On the other hand, humans are approximately of a height, to the point
that the foot, hand, cubit, fathom, etc. can be used as rough units in
their natural form. Thus there is a natural scale for human heights,
and we are not surprised that almost all human heights in meters have a
first digit 1 and very few do in inches.
-Robert
^ permalink raw reply [flat|nested] 3+ messages in thread
* Benford's law
@ 2007-10-17 2:51 John Baez
0 siblings, 0 replies; 3+ messages in thread
From: John Baez @ 2007-10-17 2:51 UTC (permalink / raw)
To: categories
Mike writes:
>I haven't yet looked at Minhyong Kim's work, and I don't know how this
>fits in with number theory or categories, but a friend is encouraging me
>to go to the following conference on Benford's Law:
>http://www.ece.unm.edu/benford .
>
>Does anybody on this list (including you, John) know of a connection
>between Benford's Law and any work in category theory? I would really
>like to hear about it if so.
I don't know any interesting connection between this law and category
theory or number theory.
I didn't know it was called "Benford's law", but I knew the idea:
if you take a table of widely spread numbers (say the gross national
products of nations, or the incomes of Americans), often about
log 2 ~ 30%
will have 1 as their first digit, about
log 3 - log 2 ~ 17%
will have 2 as their first digit, and so on.
It's easy to derive this law from the assumption that the data is
distributed in an approximately scale-invariant way within a certain
range. (That is, the percentage of numbers in your table between
X and cX is about equal to the percentage between Y and cY, for c not
too big, and X and Y within some large but finite range.
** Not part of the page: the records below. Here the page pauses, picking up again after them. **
fun phi :: "val \<Rightarrow> aty \<Rightarrow> rat" where
  "phi (VPair v1 v2) (AProd A1 A2) = phi v1 A1 + phi v2 A2"
| "phi (VList vs) (AList p A) = of_nat (length vs) * p + sum_list (map (\<lambda>w. phi w A) vs)"
| "phi _ _ = 0"

type_synonym ctx = "var \<rightharpoonup> aty"

definition models :: "env \<Rightarrow> ctx \<Rightarrow> bool" where
  "models E \<Gamma> \<longleftrightarrow> (\<forall>x \<in> dom \<Gamma>. \<exists>v. E x = Some v \<and> vtype v (erase (the (\<Gamma> x))))"

definition Phi_env :: "env \<Rightarrow> ctx \<Rightarrow> rat" where
  "Phi_env E \<Gamma> = (\<Sum>x \<in> dom \<Gamma>. phi (the (E x)) (the (\<Gamma> x)))"

inductive share_rel :: "aty \<Rightarrow> aty \<Rightarrow> aty \<Rightarrow> bool" where
  "share_rel AUnit AUnit AUnit"
| "share_rel ABool ABool ABool"
| "share_rel AInt AInt AInt"
| "\<lbrakk>share_rel A A1 A2; share_rel B B1 B2\<rbrakk> \<Longrightarrow> share_rel (AProd A B) (AProd A1 B1) (AProd A2 B2)"
| "\<lbrakk>share_rel A A1 A2; p = p1 + p2\<rbrakk> \<Longrightarrow> share_rel (AList p A) (AList p1 A1) (AList p2 A2)"

inductive subty :: "aty \<Rightarrow> aty \<Rightarrow> bool" where
  "subty AUnit AUnit"
| "subty ABool ABool"
| "subty AInt AInt"
| "\<lbrakk>subty A1 A2; p1 \<le> p2\<rbrakk> \<Longrightarrow> subty (AList p1 A1) (AList p2 A2)"
| "\<lbrakk>subty A1 A2; subty B1 B2\<rbrakk> \<Longrightarrow> subty (AProd A1 B1) (AProd A2 B2)"

section \<open>Signatures and the upper-bound type system\<close>

text \<open>An annotated function type A1 -q/q'-> A2 is represented as (A1, q, q', A2).\<close>
type_synonym sig = "fid \<Rightarrow> (aty \<times> rat \<times> rat \<times> aty) set"

definition wf_sig :: "sig \<Rightarrow> bool" where
  "wf_sig \<Sigma> \<longleftrightarrow> (\<forall>f. \<Sigma> f \<noteq> {} \<and>
      (\<forall>(A1, q, q', A2) \<in> \<Sigma> f. nonneg A1 \<and> nonneg A2 \<and> 0 \<le> q \<and> 0 \<le> q'))"

definition ann_ok :: "ctx \<Rightarrow> rat \<Rightarrow> rat \<Rightarrow> aty \<Rightarrow> bool" where
  "ann_ok \<Gamma> q q' A \<longleftrightarrow> (\<forall>x \<in> dom \<Gamma>. nonneg (the (\<Gamma> x))) \<and> 0 \<le> q \<and> 0 \<le> q' \<and> nonneg A"

inductive typed :: "costs \<Rightarrow> sig \<Rightarrow> ctx \<Rightarrow> rat \<Rightarrow> rat \<Rightarrow> expr \<Rightarrow> aty \<Rightarrow> bool" where
  T_Unit: "ann_ok Map.empty (K KUnit) 0 AUnit \<Longrightarrow> typed K \<Sigma> Map.empty (K KUnit) 0 EUnit AUnit"
| T_True: "ann_ok Map.empty (K KBool) 0 ABool \<Longrightarrow> typed K \<Sigma> Map.empty (K KBool) 0 ETrue ABool"
| T_False: "ann_ok Map.empty (K KBool) 0 ABool \<Longrightarrow> typed K \<Sigma> Map.empty (K KBool) 0 EFalse ABool"
| T_Int: "ann_ok Map.empty (K KInt) 0 AInt \<Longrightarrow> typed K \<Sigma> Map.empty (K KInt) 0 (EInt n) AInt"
| T_Nil: "ann_ok Map.empty (K KNil) 0 (AList p A) \<Longrightarrow> typed K \<Sigma> Map.empty (K KNil) 0 ENil (AList p A)"
| T_Var: "ann_ok [x \<mapsto> A] (K KVar) 0 A \<Longrightarrow> typed K \<Sigma> [x \<mapsto> A] (K KVar) 0 (EVar x) A"
| T_OpB: "\<lbrakk>d \<in> {OAnd, OOr}; x1 \<noteq> x2; ann_ok [x1 \<mapsto> ABool, x2 \<mapsto> ABool] (K KOp) 0 ABool\<rbrakk>
         \<Longrightarrow> typed K \<Sigma> [x1 \<mapsto> ABool, x2 \<mapsto> ABool] (K KOp) 0 (EOp d x1 x2) ABool"
| T_OpCmp: "\<lbrakk>d \<in> {OEq, ONeq, OLt, OGt}; x1 \<noteq> x2; ann_ok [x1 \<mapsto> AInt, x2 \<mapsto> AInt] (K KOp) 0 ABool\<rbrakk>
         \<Longrightarrow> typed K \<Sigma> [x1 \<mapsto> AInt, x2 \<mapsto> AInt] (K KOp) 0 (EOp d x1 x2) ABool"
| T_OpArith: "\<lbrakk>d \<in> {OAdd, OSub, OMul, ODiv, OMod}; x1 \<noteq> x2; ann_ok [x1 \<mapsto> AInt, x2 \<mapsto> AInt] (K KOp) 0 AInt\<rbrakk>
         \<Longrightarrow> typed K \<Sigma> [x1 \<mapsto> AInt, x2 \<mapsto> AInt] (K KOp) 0 (EOp d x1 x2) AInt"
| T_App: "\<lbrakk>(A1, q, q', A2) \<in> \<Sigma> f; 0 \<le> q; ann_ok [x \<mapsto> A1] (q + K KApp) q' A2\<rbrakk>
         \<Longrightarrow> typed K \<Sigma> [x \<mapsto> A1] (q + K KApp) q' (EApp f x) A2"
| T_Let: "\<lbrakk>typed K \<Sigma> \<Gamma>1 (q - K KLet) q1 e1 A1; typed K \<Sigma> (\<Gamma>2(x \<mapsto> A1)) q1 q' e2 A2;
           dom \<Gamma>1 \<inter> dom \<Gamma>2 = {}; x \<notin> dom \<Gamma>2; ann_ok (\<Gamma>1 ++ \<Gamma>2) q q' A2\<rbrakk>
         \<Longrightarrow> typed K \<Sigma> (\<Gamma>1 ++ \<Gamma>2) q q' (ELet x e1 e2) A2"
| T_If: "\<lbrakk>typed K \<Sigma> \<Gamma> (q - K KCond) q' et A; typed K \<Sigma> \<Gamma> (q - K KCond) q' ef A;
          x \<notin> dom \<Gamma>; ann_ok (\<Gamma>(x \<mapsto> ABool)) q q' A\<rbrakk>
         \<Longrightarrow> typed K \<Sigma> (\<Gamma>(x \<mapsto> ABool)) q q' (EIf x et ef) A"
| T_Pair: "\<lbrakk>x1 \<noteq> x2; ann_ok [x1 \<mapsto> A1, x2 \<mapsto> A2] (K KPair) 0 (AProd A1 A2)\<rbrakk>
         \<Longrightarrow> typed K \<Sigma> [x1 \<mapsto> A1, x2 \<mapsto> A2] (K KPair) 0 (EPair x1 x2) (AProd A1 A2)"
| T_MatchP: "\<lbrakk>typed K \<Sigma> (\<Gamma>(x1 \<mapsto> A1, x2 \<mapsto> A2)) (q - K KMatchP) q' e A;
            x1 \<noteq> x2; x1 \<notin> dom \<Gamma>; x2 \<notin> dom \<Gamma>; x \<notin> dom \<Gamma>;
            ann_ok (\<Gamma>(x \<mapsto> AProd A1 A2)) q q' A\<rbrakk>
         \<Longrightarrow> typed K \<Sigma> (\<Gamma>(x \<mapsto> AProd A1 A2)) q q' (EMatchP x x1 x2 e) A"
| T_Cons: "\<lbrakk>xh \<noteq> xt; ann_ok [xh \<mapsto> A, xt \<mapsto> AList p A] (p + K KCons) 0 (AList p A)\<rbrakk>
         \<Longrightarrow> typed K \<Sigma> [xh \<mapsto> A, xt \<mapsto> AList p A] (p + K KCons) 0 (ECons xh xt) (AList p A)"
| T_MatchL: "\<lbrakk>typed K \<Sigma> \<Gamma> (q - K KMatchN) q' e1 B;
            typed K \<Sigma> (\<Gamma>(xh \<mapsto> A, xt \<mapsto> AList p A)) (q + p - K KMatchL) q' e2 B;
            xh \<noteq> xt; xh \<notin> dom \<Gamma>; xt \<notin> dom \<Gamma>; x \<notin> dom \<Gamma>;
            ann_ok (\<Gamma>(x \<mapsto> AList p A)) q q' B\<rbrakk>
         \<Longrightarrow> typed K \<Sigma> (\<Gamma>(x \<mapsto> AList p A)) q q' (EMatchL x e1 xh xt e2) B"
| T_Share: "\<lbrakk>typed K \<Sigma> (\<Gamma>(x1 \<mapsto> A1, x2 \<mapsto> A2)) q q' e B; share_rel A A1 A2;
            x1 \<noteq> x2; x1 \<notin> dom \<Gamma>; x2 \<notin> dom \<Gamma>; x \<notin> dom \<Gamma>;
            ann_ok (\<Gamma>(x \<mapsto> A)) q q' B\<rbrakk>
         \<Longrightarrow> typed K \<Sigma> (\<Gamma>(x \<mapsto> A)) q q' (EShare x x1 x2 e) B"
| T_Relax: "\<lbrakk>typed K \<Sigma> \<Gamma> p p' e A; q \<ge> p; q - p \<ge> q' - p'; ann_ok \<Gamma> q q' A\<rbrakk>
         \<Longrightarrow> typed K \<Sigma> \<Gamma> q q' e A"
| T_Weak: "\<lbrakk>typed K \<Sigma> \<Gamma> q q' e B; x \<notin> dom \<Gamma>; ann_ok (\<Gamma>(x \<mapsto> A)) q q' B\<rbrakk>
         \<Longrightarrow> typed K \<Sigma> (\<Gamma>(x \<mapsto> A)) q q' e B"
| T_Sub: "\<lbrakk>typed K \<Sigma> \<Gamma> q q' e A; subty B A; ann_ok \<Gamma> q q' B\<rbrakk>
         \<Longrightarrow> typed K \<Sigma> \<Gamma> q q' e B"
| T_Super: "\<lbrakk>typed K \<Sigma> (\<Gamma>(x \<mapsto> B)) q q' e C; subty B A; x \<notin> dom \<Gamma>; ann_ok (\<Gamma>(x \<mapsto> A)) q q' C\<rbrakk>
         \<Longrightarrow> typed K \<Sigma> (\<Gamma>(x \<mapsto> A)) q q' e C"

text \<open>Well-typedness of a program w.r.t. a signature (y^f = fst (P f), e_f = snd (P f)).\<close>
definition prog_typed :: "costs \<Rightarrow> sig \<Rightarrow> prog \<Rightarrow> bool" where
  "prog_typed K \<Sigma> P \<longleftrightarrow>
     (\<forall>f. \<forall>(A1, q, q', A2) \<in> \<Sigma> f. typed K \<Sigma> [fst (P f) \<mapsto> A1] q q' (snd (P f)) A2)"

end

theory Submission imports Defs begin

text \<open>The theorem is proved for a logical relation that also records type preservation, by
  induction on the evaluation with an inner induction on the typing derivation: the structural rules
  do not decompose the expression, and the typing of a function body is not part of the typing of a
  call. Relaxation, weakening and subtyping preserve the relation because potential is nonnegative
  and monotone in the annotations. Each syntax-directed rule is paid for exactly: its constant covers
  the cost charged by the evaluation rule, potential moves with the values bound to variables,
  sharing splits it additively, and matching a cons cell releases the cell's annotation.\<close>

section \<open>Potential of values and contexts\<close>

lemma phi_nonneg: "nonneg A \<Longrightarrow> 0 \<le> phi v A"
proof (induction v arbitrary: A)
  case (VList vs)
  then show ?case by (cases A) (auto intro!: add_nonneg_nonneg sum_list_nonneg)
next
  case (VPair v1 v2)
  then show ?case by (cases A) auto
qed auto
Or: the
logarithms of the numbers are approximately uniformly distributed over
some interval.)
So, the mystery of Benford's law reduces to the mystery of this
fact: in practice, widely spread numbers are often distributed
in an approximately scale-invariant way, within some range.
(Perhaps some people find Benford's law mysterious because it's
impossible for a probability distribution to be *perfectly*
scale-invariant. But that's a red herring. It's enough to have
approximate scale-invariance within some range, for example a couple
powers of 10.)
Why is approximate scale-invariance so common? People have
written books on this! Here's a nice one:
Manfred Schroeder, Chaos, Fractals, Power Laws, W. H. Freeman, 1992.
Or, for starters:
http://en.wikipedia.org/wiki/Power_law
I would rather go to a conference on power laws than a conference
on Benford's law, which seems like just a spinoff.